Scan line 1-20 are the vertical blanking level for field 1. Note: in NTSC (525 scan lines), “line 1” is defined as the first line in the field blanking period of field 1. NTSC line counting is one-based, not zero-based.

Scan line 21-263 are visible as field 1.
Scan line 264-282 are the vertical blanking level for field 2.
Scan line 283-525 are visible as field 2.
Scan line 263, the last scan line of field 1, is a half-line, which only appears on the left side of the screen, and on that side is the bottom-most scan line, below scan line 525.
Scan line 283, the first scan line of field 2, is a half-line, which only appears on the right side of the screen, above scan line 21.

So depending if one counts scan lines 263 and 283 integrally (as I do), or only as 0.5 of a scan line (as some people do), you either have 486 scan lines, or 485 scan lines.
Due to the variances in CRTs, some visible scan lines may be cropped on less expensive CRT monitors.

(Added by John “Eljay” Love-Jensen)

PAL

PAL stands for Phase Alternating Line, it is the TV standard used for Europe, Hong Kong and the Middle East. It was a new standard based on the old NTSC system but designed to correct the NTSC colour problems produced by phase errors in the transmission path. PAL resolution is 625 horizontal lines but only 576 of these are used for the picture. PAL is higher quality than NTSC, it keeps a sharper picture and remains closer to the original format produced by motion picture cameras. Due to the European electric standards it was decided to interlace PAL lines every other line at 50Hz producing 25 whole frames every second.

TELECINE

This is the bit you've all been dying to read. Unfortunately I have not written this with a bunch of amazing solutions in mind. The idea is more to help you understand what is going on with your video so you can decide how you will process it better.

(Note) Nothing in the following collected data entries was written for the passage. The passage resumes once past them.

lemma walk_edges_of_distinct:
  assumes "distinct xs" "e \<in> walk_edges xs"
  obtains a b where "e = {a, b}" "a \<noteq> b" "a \<in> set xs" "b \<in> set xs"
  using assms unfolding walk_edges_def by (auto simp: nth_eq_iff_index_eq)

lemma walk_edges_hdD:
  assumes "distinct xs" "{hd xs, y} \<in> walk_edges xs"
  shows "y = xs ! 1"
proof -
  obtain i where i: "{hd xs, y} = {xs ! i, xs ! Suc i}" "Suc i < length xs"
    using assms(2) unfolding walk_edges_def by auto
  have hd: "hd xs = xs ! 0" using i(2) by (cases xs) auto
  have "xs ! 0 \<noteq> xs ! Suc i" using assms(1) i(2) nth_eq_iff_index_eq[of xs 0 "Suc i"] by fastforce
  then have "xs ! 0 = xs ! i" "y = xs ! Suc i" using i(1) hd by (auto simp: doubleton_eq_iff)
  then show ?thesis using assms(1) i(2) nth_eq_iff_index_eq[of xs 0 i] by fastforce
qed

lemma card_walk_edges_le: "card (walk_edges xs) \<le> length xs - 1"
  unfolding walk_edges_eq_image by (metis card_image_le card_lessThan finite_lessThan)

lemma card_walk_edges_le_card:
  assumes "distinct xs" "set xs \<subseteq> S" "finite S"
  shows "card (walk_edges xs) \<le> card S - 1"
proof -
  have "length xs \<le> card S"
    using assms by (metis card_mono distinct_card)
  then show ?thesis using card_walk_edges_le[of xs] by linarith
qed

lemma finite_walk_edges: "finite (walk_edges xs)"
  unfolding walk_edges_eq_image by simp

lemma set_subset_if_walk_edges_closed:
  assumes "\<And>e. e \<in> walk_edges xs \<Longrightarrow> e \<inter> S \<noteq> {} \<Longrightarrow> e \<subseteq> S"
    and "x \<in> set xs" "x \<in> S"
  shows "set xs \<subseteq> S"
  using assms
proof (induction xs arbitrary: x)
  case Nil
  then show ?case by simp
next
  case (Cons a xs)
  show ?case
  proof (cases "xs = []")
    case True
    then show ?thesis using Cons.prems by simp
  next
    case False
    then have edges: "walk_edges (a # xs) = insert {a, hd xs} (walk_edges xs)"
      by (rule walk_edges_Cons)
    have step: "a \<in> S \<longleftrightarrow> hd xs \<in> S"
      using Cons.prems(1)[of "{a, hd xs}"] edges by auto
    have closed: "\<And>e. e \<in> walk_edges xs \<Longrightarrow> e \<inter> S \<noteq> {} \<Longrightarrow> e \<subseteq> S"
      using Cons.prems(1) edges by blast
    have hd_in: "hd xs \<in> set xs" using False by simp
    have "set xs \<subseteq> S"
    proof (cases "x = a")
      case True
      then show ?thesis using Cons.IH[OF closed hd_in] Cons.prems(3) step by simp
    next
      case False
      then show ?thesis using Cons.IH[OF closed, of x] Cons.prems(2,3) by simp
    qed
    then show ?thesis using step hd_in by auto
  qed
qed

lemma card_UN_walk_edges_le:
  assumes "finite Q" "finite S" "\<And>q. q \<in> Q \<Longrightarrow> distinct q \<and> set q \<subseteq> S"
  shows "card (\<Union>q\<in>Q. walk_edges q) \<le> card Q * (card S - 1)"
proof -
  have "card (\<Union>q\<in>Q. walk_edges q) \<le> (\<Sum>q\<in>Q. card (walk_edges q))"
    using assms(1) by (rule card_UN_le)
  also have "\<dots> \<le> card Q * (card S - 1)"
    using sum_bounded_above[of Q "\<lambda>q. card (walk_edges q)" "card S - 1"]
      card_walk_edges_le_card assms(2,3) by force
  finally show ?thesis .
qed

lemma is_path_iff_walk_edges:
  "is_path V E xs \<longleftrightarrow> 2 \<le> length xs \<and> distinct xs \<and> set xs \<subseteq> V \<and> walk_edges xs \<subseteq> E"
  unfolding is_path_def walk_edges_def adj_def by auto

lemma is_path_rev: "is_path V E (rev xs) \<longleftrightarrow> is_path V E xs"
  by (simp add: is_path_iff_walk_edges walk_edges_rev)

lemma is_path_Cons:
  assumes "is_path V E xs" "x \<in> V" "x \<notin> set xs" "{x, hd xs} \<in> E"
  shows "is_path V E (x # xs)"
proof -
  have "xs \<noteq> []" using assms(1) by (auto simp: is_path_def)
  then show ?thesis using assms by (auto simp: is_path_iff_walk_edges walk_edges_Cons)
qed

lemma edge_subset_vertices: "graph V E \<Longrightarrow> e \<in> E \<Longrightarrow> e \<subseteq> V"
  unfolding graph_def by auto

lemma finite_edges:
  assumes "graph V E"
  shows "finite E"
proof -
  have "E \<subseteq> Pow V" "finite V"
    using assms edge_subset_vertices unfolding graph_def by auto
  then show ?thesis by (simp add: finite_subset)
qed

lemma incident_edges_eq_if_card:
  assumes "finite E" "A \<subseteq> {e \<in> E. x \<in> e}" "card A = degree E x"
  shows "{e \<in> E. x \<in> e} = A"
  using assms card_subset_eq[of "{e \<in> E. x \<in> e}" A] unfolding degree_def by simp

lemma path_partitionD:
  assumes "path_partition V E P"
  shows "finite P" "\<And>q. q \<in> P \<Longrightarrow> is_path V E q"
    and "\<And>q r. q \<in> P \<Longrightarrow> r \<in> P \<Longrightarrow> q \<noteq> r \<Longrightarrow> walk_edges q \<inter> walk_edges r = {}"
    and "(\<Union>q\<in>P. walk_edges q) = E"
  using assms unfolding path_partition_def by (elim conjE; blast)+

lemma path_partition_replace:
  assumes partition: "path_partition V E P" and "R \<subseteq> P" "finite R'"
    and paths: "\<forall>q\<in>R'. is_path V E q"
    and disjoint: "\<forall>q\<in>R'. \<forall>r\<in>R'. q \<noteq> r \<longrightarrow> walk_edges q \<inter> walk_edges r = {}"
    and same_edges: "(\<Union>q\<in>R'. walk_edges q) = (\<Union>q\<in>R. walk_edges q)"
  shows "path_partition V E (P - R \<union> R')"
proof -
  have old_disjoint: "walk_edges q \<inter> walk_edges r = {}" if "q \<in> P - R" "r \<in> R'" for q r
  proof -
    have "walk_edges r \<subseteq> (\<Union>s\<in>R. walk_edges s)"
      using same_edges \<open>r \<in> R'\<close> by auto
    moreover have "walk_edges q \<inter> walk_edges s = {}" if "s \<in> R" for s
      using path_partitionD(3)[OF partition] \<open>q \<in> P - R\<close> \<open>R \<subseteq> P\<close> that by auto
    ultimately show ?thesis by auto
  qed
  show ?thesis
    unfolding path_partition_def
  proof (intro conjI)
    show "finite (P - R \<union> R')"
      using path_partitionD(1)[OF partition] \<open>finite R'\<close> by simp
    show "\<forall>q\<in>P - R \<union> R'. is_path V E q"
      using path_partitionD(2)[OF partition] paths by blast
    show "\<forall>q\<in>P - R \<union> R'. \<forall>r\<in>P - R \<union> R'. q \<noteq> r \<longrightarrow> walk_edges q \<inter> walk_edges r = {}"
      using path_partitionD(3)[OF partition] disjoint old_disjoint by (metis DiffE Int_commute UnE)
    have "(\<Union>q\<in>P - R \<union> R'. walk_edges q) = (\<Union>q\<in>P. walk_edges q)"
      using same_edges \<open>R \<subseteq> P\<close> by auto
    then show "(\<Union>q\<in>P - R \<union> R'. walk_edges q) = E"
      using path_partitionD(4)[OF partition] by simp
  qed
qed

lemma card_replace_less:
  assumes "finite P" "R \<subseteq> P" "card R' < card R"
  shows "card (P - R \<union> R') < card P"
proof -
  have "card (P - R \<union> R') \<le> card (P - R) + card R'"
    by (rule card_Un_le)
  also have "card (P - R) = card P - card R"
    using assms(1,2) by (simp add: card_Diff_subset finite_subset)
  finally show ?thesis
    using assms card_mono[OF assms(1,2)] by linarith
qed

lemma is_cycle_triangle_edges:
  assumes "is_cycle V E [a, b, c]"
  shows "distinct [a, b, c]" "{a, b} \<in> E" "{b, c} \<in> E" "{a, c} \<in> E"
proof -
  have adj: "\<forall>i. Suc i < 3 \<longrightarrow> adj E ([a, b, c] ! i) ([a, b, c] ! Suc i)" "adj E c a"
    using assms unfolding is_cycle_def by simp_all
  show "distinct [a, b, c]" using assms unfolding is_cycle_def by blast
  show "{a, b} \<in> E" using adj(1)[rule_format, of 0] unfolding adj_def by simp
  show "{b, c} \<in> E" using adj(1)[rule_format, of 1] unfolding adj_def by simp
  show "{a, c} \<in> E" using adj(2) unfolding adj_def by (simp add: insert_commute)
qed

Just so you don't get confused you should be clear on what the difference is between a frame and field. A 'field' is basically every other scan line of a picture. Two fields stuck together makes a single frame on a TV set! In the picture below only one field is displayed on the left. Its hard to see because only every other line is displayed. The picture on the right is a whole frame. It is produced when we stick both fields together.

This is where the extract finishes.